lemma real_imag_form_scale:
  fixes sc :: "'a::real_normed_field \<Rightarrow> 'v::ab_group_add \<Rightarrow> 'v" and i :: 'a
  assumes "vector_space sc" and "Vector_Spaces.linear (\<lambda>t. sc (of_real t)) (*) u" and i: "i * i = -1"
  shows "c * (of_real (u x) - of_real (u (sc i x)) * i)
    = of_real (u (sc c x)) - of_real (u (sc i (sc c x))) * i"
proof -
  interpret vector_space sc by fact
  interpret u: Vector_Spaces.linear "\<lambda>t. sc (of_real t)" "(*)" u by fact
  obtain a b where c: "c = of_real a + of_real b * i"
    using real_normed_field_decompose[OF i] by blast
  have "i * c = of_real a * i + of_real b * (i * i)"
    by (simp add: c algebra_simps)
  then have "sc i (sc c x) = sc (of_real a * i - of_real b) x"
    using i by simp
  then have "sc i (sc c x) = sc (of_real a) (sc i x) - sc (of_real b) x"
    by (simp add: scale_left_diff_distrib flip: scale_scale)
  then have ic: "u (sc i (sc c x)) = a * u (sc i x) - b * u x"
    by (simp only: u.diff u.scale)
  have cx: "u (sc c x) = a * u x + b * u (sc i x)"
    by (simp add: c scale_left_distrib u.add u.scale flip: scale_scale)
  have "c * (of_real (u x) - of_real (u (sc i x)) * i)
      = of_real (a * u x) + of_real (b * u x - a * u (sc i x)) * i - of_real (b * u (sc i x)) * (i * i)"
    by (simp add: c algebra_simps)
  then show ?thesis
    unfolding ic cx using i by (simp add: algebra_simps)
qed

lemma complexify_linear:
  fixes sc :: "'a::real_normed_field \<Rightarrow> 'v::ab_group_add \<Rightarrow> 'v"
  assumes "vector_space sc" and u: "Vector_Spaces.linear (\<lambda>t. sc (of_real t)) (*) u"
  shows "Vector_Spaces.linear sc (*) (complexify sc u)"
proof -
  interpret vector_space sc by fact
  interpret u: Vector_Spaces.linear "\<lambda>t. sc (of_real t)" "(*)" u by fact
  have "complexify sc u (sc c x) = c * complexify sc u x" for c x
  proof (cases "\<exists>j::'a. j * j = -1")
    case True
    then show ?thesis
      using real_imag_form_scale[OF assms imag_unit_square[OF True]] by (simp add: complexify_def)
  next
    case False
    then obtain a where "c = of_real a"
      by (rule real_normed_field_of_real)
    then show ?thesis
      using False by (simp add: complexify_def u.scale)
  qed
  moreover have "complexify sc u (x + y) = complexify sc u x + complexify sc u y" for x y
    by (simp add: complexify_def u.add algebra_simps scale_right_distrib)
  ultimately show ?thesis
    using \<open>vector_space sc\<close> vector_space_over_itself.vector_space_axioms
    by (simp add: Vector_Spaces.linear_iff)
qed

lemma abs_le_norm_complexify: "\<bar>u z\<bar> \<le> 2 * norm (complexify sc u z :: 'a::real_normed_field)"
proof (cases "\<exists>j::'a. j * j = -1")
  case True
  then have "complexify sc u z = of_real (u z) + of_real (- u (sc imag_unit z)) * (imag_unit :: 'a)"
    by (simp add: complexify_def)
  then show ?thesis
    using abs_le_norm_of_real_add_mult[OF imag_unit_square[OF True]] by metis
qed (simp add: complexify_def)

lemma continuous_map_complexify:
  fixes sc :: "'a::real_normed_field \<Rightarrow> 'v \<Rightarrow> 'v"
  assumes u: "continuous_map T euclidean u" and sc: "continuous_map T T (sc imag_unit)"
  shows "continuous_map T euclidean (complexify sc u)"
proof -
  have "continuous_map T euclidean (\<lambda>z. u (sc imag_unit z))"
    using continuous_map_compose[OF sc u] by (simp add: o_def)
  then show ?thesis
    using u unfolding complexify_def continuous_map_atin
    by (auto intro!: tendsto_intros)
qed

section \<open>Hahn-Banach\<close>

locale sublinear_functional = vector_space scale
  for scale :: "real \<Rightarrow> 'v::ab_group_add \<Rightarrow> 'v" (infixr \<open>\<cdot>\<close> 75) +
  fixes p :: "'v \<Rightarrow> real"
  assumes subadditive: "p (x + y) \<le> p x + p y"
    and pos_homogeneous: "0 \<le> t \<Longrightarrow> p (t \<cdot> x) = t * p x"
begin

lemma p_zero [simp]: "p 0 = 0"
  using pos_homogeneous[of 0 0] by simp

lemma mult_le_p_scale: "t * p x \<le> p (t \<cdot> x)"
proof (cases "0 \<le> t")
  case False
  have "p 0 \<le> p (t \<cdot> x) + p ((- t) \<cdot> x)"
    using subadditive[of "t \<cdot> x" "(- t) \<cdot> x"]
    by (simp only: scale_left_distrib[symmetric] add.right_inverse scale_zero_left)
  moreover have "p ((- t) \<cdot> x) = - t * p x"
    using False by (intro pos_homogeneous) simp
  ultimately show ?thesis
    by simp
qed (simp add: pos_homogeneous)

________________

* [THE PROBLEM]: Each line of the material should be returned exactly as it stands.

* [EXERCISE OUTPUT]:
lemma real_imag_form_scale:
  fixes sc :: "'a::real_normed_field \<Rightarrow> 'v::ab_group_add \<Rightarrow> 'v" and i :: 'a
  assumes "vector_space sc" and "Vector_Spaces.linear (\<lambda>t. sc (of_real t)) (*) u" and i: "i * i = -1"
  shows "c * (of_real (u x) - of_real (u (sc i x)) * i)
    = of_real (u (sc c x)) - of_real (u (sc i (sc c x))) * i"
proof -
  interpret vector_space sc by fact
  interpret u: Vector_Spaces.linear "\<lambda>t. sc (of_real t)" "(*)" u by fact
  obtain a b where c: "c = of_real a + of_real b * i"
    using real_normed_field_decompose[OF i] by blast
  have "i * c = of_real a * i + of_real b * (i * i)"
    by (simp add: c algebra_simps)
  then have "sc i (sc c x) = sc (of_real a * i - of_real b) x"
    using i by simp
  then have "sc i (sc c x) = sc (of_real a) (sc i x) - sc (of_real b) x"
    by (simp add: scale_left_diff_distrib flip: scale_scale)
  then have ic: "u (sc i (sc c x)) = a * u (sc i x) - b * u x"
    by (simp only: u.diff u.scale)
  have cx: "u (sc c x) = a * u x + b * u (sc i x)"
    by (simp add: c scale_left_distrib u.add u.scale flip: scale_scale)
  have "c * (of_real (u x) - of_real (u (sc i x)) * i)
      = of_real (a * u x) + of_real (b * u x - a * u (sc i x)) * i - of_real (b * u (sc i x)) * (i * i)"
    by (simp add: c algebra_simps)
  then show ?thesis
    unfolding ic cx using i by (simp add: algebra_simps)
qed

lemma complexify_linear:
  fixes sc :: "'a::real_normed_field \<Rightarrow> 'v::ab_group_add \<Rightarrow> 'v"
  assumes "vector_space sc" and u: "Vector_Spaces.linear (\<lambda>t. sc (of_real t)) (*) u"
  shows "Vector_Spaces.linear sc (*) (complexify sc u)"
proof -
  interpret vector_space sc by fact
  interpret u: Vector_Spaces.linear "\<lambda>t. sc (of_real t)" "(*)" u by fact
  have "complexify sc u (sc c x) = c * complexify sc u x" for c x
  proof (cases "\<exists>j::'a. j * j = -1")
    case True
    then show ?thesis
      using real_imag_form_scale[OF assms imag_unit_square[OF True]] by (simp add: complexify_def)
  next
    case False
    then obtain a where "c = of_real a"
      by (rule real_normed_field_of_real)
    then show ?thesis
      using False by (simp add: complexify_def u.scale)
  qed
  moreover have "complexify sc u (x + y) = complexify sc u x + complexify sc u y" for x y
    by (simp add: complexify_def u.add algebra_simps scale_right_distrib)
  ultimately show ?thesis
    using \<open>vector_space sc\<close> vector_space_over_itself.vector_space_axioms
    by (simp add: Vector_Spaces.linear_iff)
qed

lemma abs_le_norm_complexify: "\<bar>u z\<bar> \<le> 2 * norm (complexify sc u z :: 'a::real_normed_field)"
proof (cases "\<exists>j::'a. j * j = -1")
  case True
  then have "complexify sc u z = of_real (u z) + of_real (- u (sc imag_unit z)) * (imag_unit :: 'a)"
    by (simp add: complexify_def)
  then show ?thesis
    using abs_le_norm_of_real_add_mult[OF imag_unit_square[OF True]] by metis
qed (simp add: complexify_def)

lemma continuous_map_complexify:
  fixes sc :: "'a::real_normed_field \<Rightarrow> 'v \<Rightarrow> 'v"
  assumes u: "continuous_map T euclidean u" and sc: "continuous_map T T (sc imag_unit)"
  shows "continuous_map T euclidean (complexify sc u)"
proof -
  have "continuous_map T euclidean (\<lambda>z. u (sc imag_unit z))"
    using continuous_map_compose[OF sc u] by (simp add: o_def)
  then show ?thesis
    using u unfolding complexify_def continuous_map_atin
    by (auto intro!: tendsto_intros)
qed

section \<open>Hahn-Banach\<close>

locale sublinear_functional = vector_space scale
  for scale :: "real \<Rightarrow> 'v::ab_group_add \<Rightarrow> 'v" (infixr \<open>\<cdot>\<close> 75) +
  fixes p :: "'v \<Rightarrow> real"
  assumes subadditive: "p (x + y) \<le> p x + p y"
    and pos_homogeneous: "0 \<le> t \<Longrightarrow> p (t \<cdot> x) = t * p x"
begin

lemma p_zero [simp]: "p 0 = 0"
  using pos_homogeneous[of 0 0] by simp

lemma mult_le_p_scale: "t * p x \<le> p (t \<cdot> x)"
proof (cases "0 \<le> t")
  case False
  have "p 0 \<le> p (t \<cdot> x) + p ((- t) \<cdot> x)"
    using subadditive[of "t \<cdot> x" "(- t) \<cdot> x"]
    by (simp only: scale_left_distrib[symmetric] add.right_inverse scale_zero_left)
  moreover have "p ((- t) \<cdot> x) = - t * p x"
    using False by (intro pos_homogeneous) simp
  ultimately show ?thesis
    by simp
qed (simp add: pos_homogeneous)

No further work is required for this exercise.